Other children helped him, and he was soon able to get the meanings from
the few books at his command. His solitary walks were still cheered by
his observation of nature, although as yet he did not know there was
such a thing as a science of botany. He could give no account of the
interest he took in plants, except that he "loved the pretty little
things," and liked to know their names, and to classify in his rude way
those that were alike.

The exactions of his despot wore out at length even his astonishing
patience. He ran away at twenty, and entered upon the life which he
lived all the rest of his days, that of a weaver, wandering about
Scotland according to his need of work. At this period he was not the
possessor of a single book relating to his favorite pursuit, and he had
never seen but one, an old-fashioned work of botany and astrology, of
nature and superstition, by the once famous Culpepper. It required extra
work for months, at the low wages of a hand-loom weaver, to get the
money required for the purchase of this book, about five dollars. The
work misled him in many ways, but it contained the names and properties
of many of his favorite herbs. Better books corrected these errors by
and by, and he gradually gathered a considerable library, each volume
won by pinching economy and hard labor.

The sorrow of his life was his most woeful, disastrous marriage. His
wife proved false to him, abandoned his home and their two daughters,
and became a drunken tramp. Every now and then she returned to him,
appealing to his compassion for assistance. I think Charles Dickens must
have had John Duncan's case in his mind when he wrote those powerful
scenes of the poor man cursed with a drunken wife in "Hard Times."
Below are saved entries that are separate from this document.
(* Assume conditions (i) and (ii) of the context. There exists a polynomial $h_1:\mathbb R^3\to\mathbb R$ such that for all $d\in\mathbb N$, every architecture $a$ with input dimension $d$, every $R\in(0,\infty)$, all $K,D\in[1,\infty)$ and every $\varepsilon\in(0,1)$ with $K\ge h_1(\varepsilon^{-1},d,D)$, it holds with $\mathcal H=\mathcal N_{a,R,D}$ that $$\sup_{f\in\mathcal H}\big|\mathcal E_d^{(K)}(f)-\mathcal E_d(f)\big|\le\varepsilon.$$
   Context: Fix $T\in(0,\infty)$ and reals $u<v$. For each $d\in\mathbb N$: $\mu_d:\mathbb R^d\to\mathbb R^d$, $\sigma_d:\mathbb R^d\to\mathbb R^{d\times d}$ Lipschitz, $\varphi_d:\mathbb R^d\to\mathbb R$ measurable; on a filtered probability space, $B$ a standard $d$-dimensional Brownian motion, $X_d$ uniform on $[u,v]^d$ and $\mathcal F_0$-measurable, $S_t=X_d+\int_0^t\mu_d(S_s)ds+\int_0^t\sigma_d(S_s)dB_s$, $Y_d=S_T=(Y_{d,1},\dots,Y_{d,d})$. Risk $\mathcal E_d(f)=\mathbb E[(f(X_d)-\varphi_d(Y_d))^2]$; truncation $\varphi_d^{(K)}(x)=\mathbf 1\{\|x\|_\infty\le K\}\varphi_d(x)$ and $\mathcal E_d^{(K)}(f)=\mathbb E[(f(X_d)-\varphi_d^{(K)}(Y_d))^2]$. Conditions: (i) there is $c_1\in(0,\infty)$ with $\mathbb P(|Y_{d,i}|\ge t)\le2\exp\{-c_1(\log t)^2\}$ for all $d$, $t\ge1$, $i\le d$; (ii) there are $c_2\in(0,\infty)$, $\lambda\in[2,\infty)$ with $|\varphi_d(y)|\le c_2(1+\|y\|_2^\lambda)$ for all $d$, $y\in\mathbb R^d$. ReLU networks: for $L\in\mathbb N$ and architecture $a=(N_0,N_1,\dots,N_L)$ with $N_0=d$, $N_L=1$, parameters $\theta=((A_1,b_1),\dots,(A_L,b_L))$, $A_l\in\mathbb R^{N_l\times N_{l-1}}$, $b_l\in\mathbb R^{N_l}$, realize $\Phi_\theta=W_L\circ\rho\circ W_{L-1}\circ\cdots\circ\rho\circ W_1$ with $W_l(x)=A_lx+b_l$ and $\rho$ the componentwise ReLU $\max\{\cdot,0\}$; $\|\theta\|_\infty$ is the maximal absolute entry; $P(a)=\sum_{l=1}^L N_l(N_{l-1}+1)$; $\mathcal N_{a,R}=\{\Phi_\theta|_{[u,v]^d}:\|\theta\|_\infty\le R\}$; $\mathrm{Clip}_D(x)=\min\{|x|,D\}\operatorname{sgn}(x)$; $\mathcal N_{a,R,D}=\{\mathrm{Clip}_D\circ\Phi:\Phi\in\mathcal N_{a,R}\}$. *)

theory Defs
  imports "HOL-Probability.Probability"
begin

text \<open>Vectors in R^d are represented as functions nat => real; only indices i < d matter.\<close>

definition sup_norm :: "nat \<Rightarrow> (nat \<Rightarrow> real) \<Rightarrow> real" where
  "sup_norm d y = Max (insert 0 ((\<lambda>i. \<bar>y i\<bar>) ` {..<d}))"

definition l2_norm :: "nat \<Rightarrow> (nat \<Rightarrow> real) \<Rightarrow> real" where
  "l2_norm d y = sqrt (\<Sum>i<d. (y i)\<^sup>2)"

definition is_poly3 :: "(real \<Rightarrow> real \<Rightarrow> real \<Rightarrow> real) \<Rightarrow> bool" where
  "is_poly3 h \<longleftrightarrow> (\<exists>N (c :: nat \<Rightarrow> nat \<Rightarrow> nat \<Rightarrow> real).
      \<forall>x y z. h x y z = (\<Sum>i\<le>N. \<Sum>j\<le>N. \<Sum>k\<le>N. c i j k * x ^ i * y ^ j * z ^ k))"

type_synonym layer = "(nat \<Rightarrow> nat \<Rightarrow> real) \<times> (nat \<Rightarrow> real)"

definition affine :: "nat \<Rightarrow> layer \<Rightarrow> (nat \<Rightarrow> real) \<Rightarrow> (nat \<Rightarrow> real)" where
  "affine n L x = (\<lambda>i. (\<Sum>j<n. fst L i j * x j) + snd L i)"

definition relu_vec :: "(nat \<Rightarrow> real) \<Rightarrow> (nat \<Rightarrow> real)" where
  "relu_vec x = (\<lambda>i. max (x i) 0)"

text \<open>realize [N0,...,NL] [(A1,b1),...,(AL,bL)] = W_L o rho o ... o rho o W_1\<close>
fun realize :: "nat list \<Rightarrow> layer list \<Rightarrow> (nat \<Rightarrow> real) \<Rightarrow> (nat \<Rightarrow> real)" where
  "realize (n # ns) [L] x = affine n L x"
| "realize (n # ns) (L # Ls) x = realize ns Ls (relu_vec (affine n L x))"
| "realize _ _ x = x"

definition valid_arch :: "nat \<Rightarrow> nat list \<Rightarrow> bool" where
  "valid_arch d a \<longleftrightarrow> length a \<ge> 2 \<and> hd a = d \<and> last a = 1 \<and> (\<forall>n\<in>set a. n > 0)"

definition params_bounded :: "nat list \<Rightarrow> layer list \<Rightarrow> real \<Rightarrow> bool" where
  "params_bounded a \<theta> R \<longleftrightarrow> length \<theta> = length a - 1 \<and>
     (\<forall>l < length \<theta>. (\<forall>i < a ! (l+1). \<forall>j < a ! l. \<bar>fst (\<theta> ! l) i j\<bar> \<le> R)
                      \<and> (\<forall>i < a ! (l+1). \<bar>snd (\<theta> ! l) i\<bar> \<le> R))"

definition clip :: "real \<Rightarrow> real \<Rightarrow> real" where
  "clip D x = min \<bar>x\<bar> D * sgn x"

text \<open>The class N_{a,R,D} (functions are only ever evaluated on [u,v]^d).\<close>
definition NN_clip :: "nat list \<Rightarrow> real \<Rightarrow> real \<Rightarrow> ((nat \<Rightarrow> real) \<Rightarrow> real) set" where
  "NN_clip a R D = {(\<lambda>x. clip D (realize a \<theta> x 0)) | \<theta>. params_bounded a \<theta> R}"

definition trunc :: "nat \<Rightarrow> real \<Rightarrow> ((nat \<Rightarrow> real) \<Rightarrow> real) \<Rightarrow> (nat \<Rightarrow> real) \<Rightarrow> real" where
  "trunc d K g y = (if sup_norm d y \<le> K then g y else 0)"

definition risk :: "'a measure \<Rightarrow> ('a \<Rightarrow> nat \<Rightarrow> real) \<Rightarrow> ('a \<Rightarrow> nat \<Rightarrow> real)
     \<Rightarrow> ((nat \<Rightarrow> real) \<Rightarrow> real) \<Rightarrow> ((nat \<Rightarrow> real) \<Rightarrow> real) \<Rightarrow> real" where
  "risk M X Y g f = (LINT \<omega>|M. (f (X \<omega>) - g (Y \<omega>))\<^sup>2)"

end

theory Submission
  imports Defs
begin

(* Off the cube {||y||_inf <= K} the truncated and the untruncated squared losses differ by at
   most D^2 + 2 phi(y)^2, and the growth condition (ii) bounds phi(y)^2 by
   4 c2^2 d^N max(1, ||y||_inf)^N for an integer N >= 2 lam.  Since ||y||_inf > K >= 1 there,
   ||y||_inf^N <= ||y||_inf^(N+1) / K <= (sum_i |y_i|^(N+1)) / K.  The log-normal tails (i) give
   every coordinate Y_i a finite (N+1)-st moment C that does not depend on d, so the two risks
   differ by at most (D^2 + 8 c2^2 d^N) d C / K, which is at most eps as soon as
   K >= h1(1/eps, d, D) := (D^2 + 8 c2^2 d^N) d C / eps. *)

section \<open>Polynomials in three variables\<close>

lemma poly3_sum_pad:
  fixes c :: "nat \<Rightarrow> nat \<Rightarrow> nat \<Rightarrow> real"
  assumes "N \<le> N'"
  shows "(\<Sum>i\<le>N. \<Sum>j\<le>N. \<Sum>k\<le>N. c i j k * x ^ i * y ^ j * z ^ k)
       = (\<Sum>i\<le>N'. \<Sum>j\<le>N'. \<Sum>k\<le>N'.
            (if i \<le> N \<and> j \<le> N \<and> k \<le> N then c i j k else 0) * x ^ i * y ^ j * z ^ k)"
  using assms by (intro sum.mono_neutral_cong_left) (auto intro!: sum.neutral)

lemma is_poly3_add:
  assumes "is_poly3 f" "is_poly3 g"
  shows "is_poly3 (\<lambda>x y z. f x y z + g x y z)"
proof -
  obtain N c where f: "\<And>x y z. f x y z = (\<Sum>i\<le>N. \<Sum>j\<le>N. \<Sum>k\<le>N. c i j k * x ^ i * y ^ j * z ^ k)"
    using assms(1) unfolding is_poly3_def by blast
  obtain N' c' where g: "\<And>x y z. g x y z = (\<Sum>i\<le>N'. \<Sum>j\<le>N'. \<Sum>k\<le>N'. c' i j k * x ^ i * y ^ j * z ^ k)"
    using assms(2) unfolding is_poly3_def by blast
  define e where "e i j k = (if i \<le> N \<and> j \<le> N \<and> k \<le> N then c i j k else 0)
                         + (if i \<le> N' \<and> j \<le> N' \<and> k \<le> N' then c' i j k else 0)" for i j k
  have "f x y z + g x y z = (\<Sum>i\<le>max N N'. \<Sum>j\<le>max N N'. \<Sum>k\<le>max N N'. e i j k * x ^ i * y ^ j * z ^ k)"
    for x y z
    unfolding f g e_def
    by (simp only: poly3_sum_pad[of N "max N N'"] poly3_sum_pad[of N' "max N N'"] max.cobounded1
        max.cobounded2 distrib_right sum.distrib)
  then show ?thesis unfolding is_poly3_def by blast
qed

lemma is_poly3_monomial: "is_poly3 (\<lambda>x y z. a * x ^ i * y ^ j * z ^ k)"
  unfolding is_poly3_def
proof (intro exI allI)
  fix x y z :: real
  define N where "N = max i (max j k)"
  let ?c = "\<lambda>i' j' k'. if i' = i \<and> j' = j \<and> k' = k then a else 0"
  have "a * x ^ i * y ^ j * z ^ k
      = (\<Sum>i'\<in>{i}. \<Sum>j'\<in>{j}. \<Sum>k'\<in>{k}. ?c i' j' k' * x ^ i' * y ^ j' * z ^ k')"
    by simp
  also have "\<dots> = (\<Sum>i'\<le>N. \<Sum>j'\<le>N. \<Sum>k'\<le>N. ?c i' j' k' * x ^ i' * y ^ j' * z ^ k')"
    by (intro sum.mono_neutral_cong_left) (auto simp: N_def intro!: sum.neutral)
  finally show "a * x ^ i * y ^ j * z ^ k
      = (\<Sum>i'\<le>N. \<Sum>j'\<le>N. \<Sum>k'\<le>N. ?c i' j' k' * x ^ i' * y ^ j' * z ^ k')" .
qed

section \<open>Sup norm and Euclidean norm\<close>

lemma sup_norm_nonneg: "0 \<le> sup_norm d y"
  unfolding sup_norm_def by (intro Max_ge) auto

lemma abs_le_sup_norm: "i < d \<Longrightarrow> \<bar>y i\<bar> \<le> sup_norm d y"
  unfolding sup_norm_def by (intro Max_ge) auto

lemma sup_norm_attained:
  assumes "sup_norm d y > 0"
  obtains j where "j < d" "sup_norm d y = \<bar>y j\<bar>"
proof -
  have "sup_norm d y \<in> insert 0 ((\<lambda>i. \<bar>y i\<bar>) ` {..<d})"
    unfolding sup_norm_def by (intro Max_in) auto
  then show ?thesis using assms that by auto
qed

lemma sup_norm_power_le_sum:
  assumes "m > 0"
  shows "sup_norm d y ^ m \<le> (\<Sum>i<d. \<bar>y i\<bar> ^ m)"
proof (cases "sup_norm d y > 0")
  case True
  then obtain j where "j < d" "sup_norm d y = \<bar>y j\<bar>" by (rule sup_norm_attained)
  then show ?thesis using member_le_sum[of j "{..<d}" "\<lambda>i. \<bar>y i\<bar> ^ m"] by simp
next
  case False
  then show ?thesis using sup_norm_nonneg[of d y] assms by (simp add: sum_nonneg zero_power)
qed

lemma l2_norm_sq_le: "(l2_norm d y)\<^sup>2 \<le> real d * (sup_norm d y)\<^sup>2"
proof -
  have "(l2_norm d y)\<^sup>2 = (\<Sum>i<d. (y i)\<^sup>2)"
    unfolding l2_norm_def by (simp add: sum_nonneg)
  also have "\<dots> \<le> (\<Sum>i<d. (sup_norm d y)\<^sup>2)"
    by (intro sum_mono) (metis abs_le_sup_norm lessThan_iff abs_ge_zero power2_abs power_mono)
  finally show ?thesis by simp
qed

lemma sq_le_of_poly_growth:
  fixes p c2 lam :: real and N d :: nat
  assumes growth: "\<bar>p\<bar> \<le> c2 * (1 + l2_norm d y powr lam)"
    and lam: "0 \<le> lam" "2 * lam \<le> real N" and "d \<ge> 1"
  shows "p\<^sup>2 \<le> 4 * c2\<^sup>2 * real d ^ N * max 1 (sup_norm d y) ^ N"
proof -
  define s where "s = max 1 (sup_norm d y)"
  define l where "l = l2_norm d y"
  have s: "1 \<le> s" "sup_norm d y \<le> s" unfolding s_def by simp_all
  have d: "1 \<le> real d" using \<open>d \<ge> 1\<close> by simp
  have "l\<^sup>2 \<le> real d * (sup_norm d y)\<^sup>2" unfolding l_def by (rule l2_norm_sq_le)
  also have "\<dots> \<le> real d * s\<^sup>2"
    using s sup_norm_nonneg[of d y] by (intro mult_left_mono power_mono) auto
  finally have "(l\<^sup>2) powr lam \<le> (real d * s\<^sup>2) powr lam"
    using lam by (intro powr_mono2) auto
  moreover have "(l\<^sup>2) powr lam = (l powr lam)\<^sup>2"
    unfolding power2_eq_square by (rule powr_mult)
  moreover have "(real d * s\<^sup>2) powr lam = real d powr lam * s powr (2 * lam)"
    unfolding powr_mult power2_eq_square mult_2 powr_add by simp
  moreover have "real d powr lam * s powr (2 * lam) \<le> real d ^ N * s ^ N"
  proof -
    have "real d powr lam \<le> real d powr real N" "s powr (2 * lam) \<le> s powr real N"
      using d s lam by (auto intro!: powr_mono)
    then show ?thesis
      using d s by (simp add: powr_realpow mult_mono)
  qed
  ultimately have l: "(l powr lam)\<^sup>2 \<le> real d ^ N * s ^ N" by simp
  have one: "1 \<le> real d ^ N * s ^ N"
    using one_le_power[OF d] one_le_power[OF s(1)] by (metis mult_mono' mult_1 zero_le_one)
  have "p\<^sup>2 \<le> (c2 * (1 + l powr lam))\<^sup>2"
    using growth unfolding l_def by (metis abs_ge_zero power2_abs power_mono)
  also have "\<dots> \<le> c2\<^sup>2 * (2 * (1 + (l powr lam)\<^sup>2))"
    using zero_le_power2[of "l powr lam - 1"] unfolding power_mult_distrib
    by (intro mult_left_mono) (auto simp: power2_eq_square algebra_simps)
  also have "\<dots> \<le> c2\<^sup>2 * (4 * (real d ^ N * s ^ N))"
    using l one by (intro mult_left_mono) auto
  finally show ?thesis unfolding s_def by simp
qed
But the more miserable his outward life, the more diligently he resorted
for comfort to his darling plants. For many years he groped in the dark;
but at length he was put upon the right path by one of those
accomplished gardeners so common in Scotland, where the art of gardening
is carried to high perfection. He always sought the friendship of
gardeners wherever he went. Nevertheless he was forty years old before
he became a scientific botanist.

During the rest of his life of forty-four years, besides pursuing his
favorite branch, he obtained a very considerable knowledge of the
kindred sciences and of astronomy. Being obliged to sell his watch in a
time of scarcity, he made for himself a pocket sun-dial, by which he
could tell the time to within seven or eight minutes.

During this period steam was gaining every year upon hand power; his
wages grew less and less; and, as his whole heart was in science, he had
no energy left for seeking more lucrative employment. When he was past
eighty-three he would walk twelve miles or more to get a new specimen,
and hold on his way, though drenched with a sudden storm.

At length, old age and lack of work reduced him to actual suffering for
the necessaries of life. Mr. William Jolly, a contributor to
periodicals, heard his story, sought him out, and found him so poor as
to be obliged to accept out-door relief, of which the old man was
painfully ashamed. He published a brief history of the man and of his
doings in the newspapers.

"The British people," says Voltaire, "may be very stupid, but they know
how to give."

Money rained down upon the old philosopher, until a sum equal to about
sixteen hundred dollars had reached him, which abundantly sufficed for
his maintenance during the short residue of his life. For the first time
in fifty years he had a new and warm suit of clothes, and he again sat
down by his own cheerful fire, an independent man, as he had been all
his life until he could no longer exercise his trade.

He died soon after, bequeathing the money he had received for the
foundation of scholarships and prizes for the encouragement of the study
of natural science among the boys and girls of his country. His valuable
library, also, he bequeathed for the same object.